Oral Presentation 9th Australasian Vaccines & Immunotherapeutics Development Meeting 2022

Enhancing Chimeric Antigen Receptor T cell efficacy against brain tumours with dual-targeting receptors (#30)

Hannah E Hughes-Parry 1 2 , Melinda Iliopoulos 1 , Kathy A Watson 1 , Andrew J Kueh 1 , Marco J Herold 1 2 , Ryan S Cross 1 , Misty R Jenkins 1 2 3
  1. The Walter and Eliza Hall Institute of Medical Research, Parkville, VIC, Australia
  2. The Department of Medical Biology, The University of Melbourne, Parkville, VIC, Australia
  3. Institute for Molecular Science, La Trobe University, Bundoora, VIC, Australia

The heterogeneity of solid tumours is a significant obstacle to the response and long-term remission of patient malignancies following Chimeric Antigen Receptor (CAR) T cell immunotherapy in the clinic. While long-term remission has been achieved against haematological cancers, relapses have frequently occurred several months post-treatment due to antigen escape, and solid tumour responses have been less effective1. Therefore, to improve solid tumour elimination and prevent relapse, CAR T cell immunotherapy may be improved by the targeting of multiple tumour-associated antigens through dual-specific CAR T cells, in which T cells are engineered to express CARs against multiple antigens. Existing studies have observed significant improvements over single-specific CAR T cells2,3; however, few studies have interrogated the underlying biology in immune competent systems.

 

Therefore, we generated dual-targeting CAR T cells using Her2 and EGFRvIII model tumour antigens and assessed their cytotoxic function against different heterogeneous tumour targets in in vitro killing assays. We observed that dual-specific CAR T cells exhibit enhanced killing of heterogeneous tumour cells compared to single-specific and pooled single-specific CAR T cells. This enhanced ability for multi-antigen targeting T cells to eliminate heterogeneous tumours allows for more complete clearance of the entire tumour cell population and may subsequently mitigate opportunities for antigen escape.

 

To further explore the utility of multitargeting tumour antigens in vivo, we used CRISPR technology to generate an immunocompetent mouse model (RHEO), tolerant to human Her2, EGFRvIII and OVA, to evaluate dual-targeted CART cell immunotherapy approaches.

 

Here, we will present this novel RHEO mouse model, and the characterised subcutaneous and intracranial growth of several solid tumour models. We will discuss new approaches to tackling heterogeneous solid tumours, such as glioblastoma, and present unpublished findings on the utility of targeting multiple tumour antigens simultaneously in the context of an intact immune system.

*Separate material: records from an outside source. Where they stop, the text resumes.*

(* Let $Z\subseteq(\mathbb P^1)^d$ be the common vanishing locus of the multi-homogeneous polynomials $P^h$, where $P$ ranges over all linear forms $P=\sum_{\lambda\in\Phi^+}c_\lambda x_\lambda$ with $\sum_{\lambda}c_\lambda\lambda(h)=0$ for all $h\in\mathfrak h$. For a point $x=(x_\lambda)_{\lambda\in\Phi^+}\in Z$, put $\mathrm{Fin}=\{\lambda\in\Phi^+: x_\lambda\neq\infty\}$. Then $\mathrm{Fin}\cup(-\mathrm{Fin})$ is a closed root subsystem of $\Phi$.
   Context: Let $\mathfrak g$ be a complex semisimple Lie algebra, $\mathfrak h$ a Cartan subalgebra, $r=\dim\mathfrak h$, $\Phi\subset\mathfrak h^*$ its root system, $\Phi^+$ a fixed set of positive roots, $d=|\Phi^+|$. Points of $(\mathbb P^1)^d$ are written $x=(x_\lambda)_{\lambda\in\Phi^+}$ with $x_\lambda=[x_{\lambda,0}:x_{\lambda,1}]$; $\mathbb C$ is identified with $\{x_0\neq 0\}\subset\mathbb P^1$ via $c\mapsto [1:c]$, and $\infty=[0:1]$. For a linear form $P=\sum_\lambda c_\lambda x_\lambda$ with support $\mathrm{supp}(P)=\{\lambda:c_\lambda\neq0\}$, its multi-homogenization is $P^h=\sum_{\lambda\in\mathrm{supp}P}c_\lambda x_{\lambda,1}\prod_{\mu\in\mathrm{supp}P,\mu\neq\lambda}x_{\mu,0}$. A root subsystem $\Psi\subseteq\Phi$ is closed if $\lambda,\mu\in\Psi$ and $\lambda+\mu\in\Phi$ imply $\lambda+\mu\in\Psi$. *)

theory Defs
  imports "HOL-Analysis.Analysis"
begin

(* Roots are modelled as vectors of a real Euclidean space 'a (the real form of h^*,
   identified with h via the Killing form). *)

definition root_reflect :: "'a::euclidean_space \<Rightarrow> 'a \<Rightarrow> 'a" where
  "root_reflect \<alpha> \<beta> = \<beta> - (2 * (\<beta> \<bullet> \<alpha>) / (\<alpha> \<bullet> \<alpha>)) *\<^sub>R \<alpha>"

(* reduced crystallographic root system spanning the ambient space (= root system of a
   complex semisimple Lie algebra, by the classification) *)
definition root_system :: "'a::euclidean_space set \<Rightarrow> bool" where
  "root_system \<Phi> \<longleftrightarrow>
     finite \<Phi> \<and> 0 \<notin> \<Phi> \<and> span \<Phi> = UNIV \<and>
     (\<forall>\<alpha>\<in>\<Phi>. \<forall>\<beta>\<in>\<Phi>. root_reflect \<alpha> \<beta> \<in> \<Phi>) \<and>
     (\<forall>\<alpha>\<in>\<Phi>. \<forall>\<beta>\<in>\<Phi>. 2 * (\<beta> \<bullet> \<alpha>) / (\<alpha> \<bullet> \<alpha>) \<in> \<int>) \<and>
     (\<forall>\<alpha>\<in>\<Phi>. \<forall>c::real. c *\<^sub>R \<alpha> \<in> \<Phi> \<longrightarrow> c = 1 \<or> c = -1)"

definition positive_system :: "'a::euclidean_space set \<Rightarrow> 'a set \<Rightarrow> bool" where
  "positive_system \<Phi> \<Phi>p \<longleftrightarrow>
     (\<exists>f::'a. (\<forall>\<alpha>\<in>\<Phi>. f \<bullet> \<alpha> \<noteq> 0) \<and> \<Phi>p = {\<alpha>\<in>\<Phi>. f \<bullet> \<alpha> > 0})"

definition lf_supp :: "'a set \<Rightarrow> ('a \<Rightarrow> complex) \<Rightarrow> 'a set" where
  "lf_supp \<Phi>p c = {l\<in>\<Phi>p. c l \<noteq> 0}"

(* multi-homogenization P^h evaluated at homogeneous coordinates x_lambda = (x_{lambda,0}, x_{lambda,1}) *)
definition homogenize_eval :: "'a set \<Rightarrow> ('a \<Rightarrow> complex) \<Rightarrow> ('a \<Rightarrow> complex \<times> complex) \<Rightarrow> complex" where
  "homogenize_eval \<Phi>p c x =
     (\<Sum>l\<in>lf_supp \<Phi>p c. c l * snd (x l) * (\<Prod>\<mu>\<in>lf_supp \<Phi>p c - {l}. fst (x \<mu>)))"

definition root_subsystem :: "'a::euclidean_space set \<Rightarrow> 'a set \<Rightarrow> bool" where
  "root_subsystem \<Phi> \<Psi> \<longleftrightarrow> \<Psi> \<subseteq> \<Phi> \<and> (\<forall>\<alpha>\<in>\<Psi>. - \<alpha> \<in> \<Psi>) \<and>
     (\<forall>\<alpha>\<in>\<Psi>. \<forall>\<beta>\<in>\<Psi>. root_reflect \<alpha> \<beta> \<in> \<Psi>)"

definition closed_root_subsystem :: "'a::euclidean_space set \<Rightarrow> 'a set \<Rightarrow> bool" where
  "closed_root_subsystem \<Phi> \<Psi> \<longleftrightarrow> root_subsystem \<Phi> \<Psi> \<and>
     (\<forall>l\<in>\<Psi>. \<forall>\<mu>\<in>\<Psi>. l + \<mu> \<in> \<Phi> \<longrightarrow> l + \<mu> \<in> \<Psi>)"

end

theory Submission
  imports Defs
begin

text \<open>
  Let \<open>Fin\<close> be the set of positive roots with finite coordinate. If a positive root \<open>l\<close>
  with \<open>x\<^sub>l = \<infinity>\<close> were a linear combination of roots in \<open>Fin\<close>, the corresponding linear
  relation \<open>P = -x\<^sub>l + \<Sum> u\<^sub>\<mu> x\<^sub>\<mu>\<close> would have \<open>P\<^sup>h(x) = -x\<^sub>l\<^sub>,\<^sub>1 \<Prod> x\<^sub>\<mu>\<^sub>,\<^sub>0 \<noteq> 0\<close>, since every
  other term of \<open>P\<^sup>h\<close> contains the factor \<open>x\<^sub>l\<^sub>,\<^sub>0 = 0\<close>. Hence \<open>Fin\<close> contains every positive
  root in its span, so \<open>Fin \<union> -Fin = \<Phi> \<inter> span Fin\<close>, and the intersection of a root system
  with a subspace is always a closed root subsystem.
\<close>

lemma root_system_uminus:
  assumes "root_system \<Phi>" "\<alpha> \<in> \<Phi>"
  shows "- \<alpha> \<in> \<Phi>"
proof -
  have "\<alpha> \<bullet> \<alpha> \<noteq> 0" using assms by (auto simp: root_system_def)
  then have "root_reflect \<alpha> \<alpha> = - \<alpha>"
    by (simp add: root_reflect_def algebra_simps scaleR_2)
  then show ?thesis using assms by (metis root_system_def)
qed

lemma closed_root_subsystem_Int_span:
  assumes "root_system \<Phi>"
  shows "closed_root_subsystem \<Phi> (\<Phi> \<inter> span S)"
  unfolding closed_root_subsystem_def root_subsystem_def
proof (intro conjI ballI impI)
  fix \<alpha> assume "\<alpha> \<in> \<Phi> \<inter> span S"
  then show "- \<alpha> \<in> \<Phi> \<inter> span S"
    using root_system_uminus[OF assms] span_neg by blast
next
  fix \<alpha> \<beta> assume "\<alpha> \<in> \<Phi> \<inter> span S" "\<beta> \<in> \<Phi> \<inter> span S"
  then show "root_reflect \<alpha> \<beta> \<in> \<Phi> \<inter> span S"
    using assms unfolding root_system_def root_reflect_def
    by (auto intro: span_diff span_scale)
qed (auto intro: span_add)

lemma Int_span_eq_positive_union_uminus:
  assumes "root_system \<Phi>" "positive_system \<Phi> \<Phi>p"
    and "F \<subseteq> \<Phi>p" and span_closed: "\<And>\<beta>. \<beta> \<in> \<Phi>p \<Longrightarrow> \<beta> \<in> span F \<Longrightarrow> \<beta> \<in> F"
  shows "\<Phi> \<inter> span F = F \<union> uminus ` F"
proof
  obtain f where f: "\<forall>\<alpha>\<in>\<Phi>. f \<bullet> \<alpha> \<noteq> 0" "\<Phi>p = {\<alpha>\<in>\<Phi>. f \<bullet> \<alpha> > 0}"
    using assms(2) by (auto simp: positive_system_def)
  show "\<Phi> \<inter> span F \<subseteq> F \<union> uminus ` F"
  proof
    fix \<beta> assume \<beta>: "\<beta> \<in> \<Phi> \<inter> span F"
    show "\<beta> \<in> F \<union> uminus ` F"
    proof (cases "f \<bullet> \<beta> > 0")
      case True
      then show ?thesis using \<beta> f span_closed by auto
    next
      case False
      then have "- \<beta> \<in> \<Phi>p"
        using \<beta> f root_system_uminus[OF assms(1)] by (auto simp: inner_minus_right)
      then have "- \<beta> \<in> F" using \<beta> span_closed span_neg by blast
      then show ?thesis by (metis UnI2 image_eqI minus_minus)
    qed
  qed
  have "F \<subseteq> \<Phi>" using assms(3) f(2) by auto
  then show "F \<union> uminus ` F \<subseteq> \<Phi> \<inter> span F"
    using root_system_uminus[OF assms(1)] by (auto intro: span_base span_neg)
qed

lemma homogenize_eval_at_infinity:
  assumes "finite \<Phi>p" "l \<in> lf_supp \<Phi>p c" "fst (x l) = 0"
  shows "homogenize_eval \<Phi>p c x = c l * snd (x l) * (\<Prod>\<mu>\<in>lf_supp \<Phi>p c - {l}. fst (x \<mu>))"
proof -
  let ?S = "lf_supp \<Phi>p c"
  have fin: "finite ?S" using assms(1) by (simp add: lf_supp_def)
  have "(\<Prod>\<nu>\<in>?S - {\<mu>}. fst (x \<nu>)) = 0" if "\<mu> \<in> ?S - {l}" for \<mu>
    using that assms(2,3) fin by (intro prod_zero) auto
  then have "(\<Sum>\<mu>\<in>?S - {l}. c \<mu> * snd (x \<mu>) * (\<Prod>\<nu>\<in>?S - {\<mu>}. fst (x \<nu>))) = 0"
    by simp
  then show ?thesis
    unfolding homogenize_eval_def
    by (simp add: sum.remove[OF fin assms(2),
        of "\<lambda>\<mu>. c \<mu> * snd (x \<mu>) * (\<Prod>\<nu>\<in>?S - {\<mu>}. fst (x \<nu>))"])
qed

lemma finite_coordinates_span_closed:
  fixes \<Phi>p :: "'a::euclidean_space set" and x :: "'a \<Rightarrow> complex \<times> complex"
  assumes fin: "finite \<Phi>p"
    and nonzero: "\<forall>l\<in>\<Phi>p. x l \<noteq> (0, 0)"
    and vanish: "\<forall>c::'a \<Rightarrow> complex.
           (\<forall>h::'a. (\<Sum>l\<in>\<Phi>p. c l * complex_of_real (l \<bullet> h)) = 0)
           \<longrightarrow> homogenize_eval \<Phi>p c x = 0"
    and l: "l \<in> \<Phi>p" "l \<in> span {l\<in>\<Phi>p. fst (x l) \<noteq> 0}"
  shows "fst (x l) \<noteq> 0"
proof
  assume l0: "fst (x l) = 0"
  define F where "F = {l\<in>\<Phi>p. fst (x l) \<noteq> 0}"
  have "finite F" using fin by (simp add: F_def)
  then obtain u where u: "l = (\<Sum>v\<in>F. u v *\<^sub>R v)"
    using l(2) span_finite unfolding F_def[symmetric] by auto
  have "l \<notin> F" "F \<subseteq> \<Phi>p - {l}" using l0 by (auto simp: F_def)
  define d where "d \<mu> = (if \<mu> = l then -1 else if \<mu> \<in> F then u \<mu> else (0::real))" for \<mu>
  define c where "c \<mu> = complex_of_real (d \<mu>)" for \<mu>
  have "(\<Sum>\<mu>\<in>\<Phi>p - {l}. d \<mu> *\<^sub>R \<mu>) = (\<Sum>v\<in>F. u v *\<^sub>R v)"
    by (rule sum.mono_neutral_cong_right) (use fin \<open>F \<subseteq> _\<close> \<open>l \<notin> F\<close> in \<open>auto simp: d_def\<close>)
  then have relation: "(\<Sum>\<mu>\<in>\<Phi>p. d \<mu> *\<^sub>R \<mu>) = 0"
    using sum.remove[OF fin l(1), of "\<lambda>\<mu>. d \<mu> *\<^sub>R \<mu>"] u by (simp add: d_def)
  have "(\<Sum>\<mu>\<in>\<Phi>p. c \<mu> * complex_of_real (\<mu> \<bullet> h)) = 0" for h
  proof -
    have "(\<Sum>\<mu>\<in>\<Phi>p. c \<mu> * complex_of_real (\<mu> \<bullet> h))
        = complex_of_real ((\<Sum>\<mu>\<in>\<Phi>p. d \<mu> *\<^sub>R \<mu>) \<bullet> h)"
      by (simp add: c_def inner_sum_left)
    then show ?thesis using relation by simp
  qed
  then have "homogenize_eval \<Phi>p c x = 0" using vanish by blast
  moreover have supp: "l \<in> lf_supp \<Phi>p c" using l(1) by (simp add: lf_supp_def c_def d_def)
  moreover have "(\<Prod>\<nu>\<in>lf_supp \<Phi>p c - {l}. fst (x \<nu>)) \<noteq> 0"
    using fin by (auto simp: lf_supp_def c_def d_def F_def split: if_splits)
  moreover have "snd (x l) \<noteq> 0" using nonzero l(1) l0 by (cases "x l") auto
  ultimately show False
    using homogenize_eval_at_infinity[where x = x, OF fin supp l0] by (simp add: c_def d_def)
qed

theorem mainTheorem2:
  fixes \<Phi> \<Phi>p :: "'a::euclidean_space set"
    and x :: "'a \<Rightarrow> complex \<times> complex"
  assumes "root_system \<Phi>"
    and "positive_system \<Phi> \<Phi>p"
    and "\<forall>l\<in>\<Phi>p. x l \<noteq> (0, 0)"
    and "\<forall>c::'a \<Rightarrow> complex.
           (\<forall>h::'a. (\<Sum>l\<in>\<Phi>p. c l * complex_of_real (l \<bullet> h)) = 0)
           \<longrightarrow> homogenize_eval \<Phi>p c x = 0"
  shows "closed_root_subsystem \<Phi>
           ({l\<in>\<Phi>p. fst (x l) \<noteq> 0} \<union> uminus ` {l\<in>\<Phi>p. fst (x l) \<noteq> 0})"
proof -
  define Fin where "Fin = {l\<in>\<Phi>p. fst (x l) \<noteq> 0}"
  have "finite \<Phi>p"
    using assms(1,2) by (auto simp: root_system_def positive_system_def)
  then have "\<beta> \<in> Fin" if "\<beta> \<in> \<Phi>p" "\<beta> \<in> span Fin" for \<beta>
    using finite_coordinates_span_closed[OF _ assms(3,4)] that by (auto simp: Fin_def)
  then have "\<Phi> \<inter> span Fin = Fin \<union> uminus ` Fin"
    using Int_span_eq_positive_union_uminus[OF assms(1,2)] by (auto simp: Fin_def)
  then show ?thesis
    using closed_root_subsystem_Int_span[OF assms(1), of Fin] by (simp add: Fin_def)
qed

end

  1. 1. O'Rourke, D.M.; Nasrallah, M.P.; Desai, A.; Melenhorst, J.J.; Mansfield, K.; Morrissette, J.J.D.; Martinez-Lage, M.; Brem, S.; Maloney, E.; Shen, A., et al. A single dose of peripherally infused EGFRvIII-directed CAR T cells mediates antigen loss and induces adaptive resistance in patients with recurrent glioblastoma. Sci Transl Med 2017, 9, doi:10.1126/scitranslmed.aaa0984.
  2. 2. Ruella M, Barrett DM, Kenderian SS, et al. Dual CD19 and CD123 targeting prevents antigen-loss relapses after CD19-directed immunotherapies. The Journal of Clinical Investigation 2016; 126: 3814-3826.
  3. 3. Hegde M, Corder A, Chow KKH, et al. Combinational Targeting Offsets Antigen Escape and Enhances Effector Functions of Adoptively Transferred T cells in Glioblastoma. Molecular Therapy 2013; 21: 2087-2101.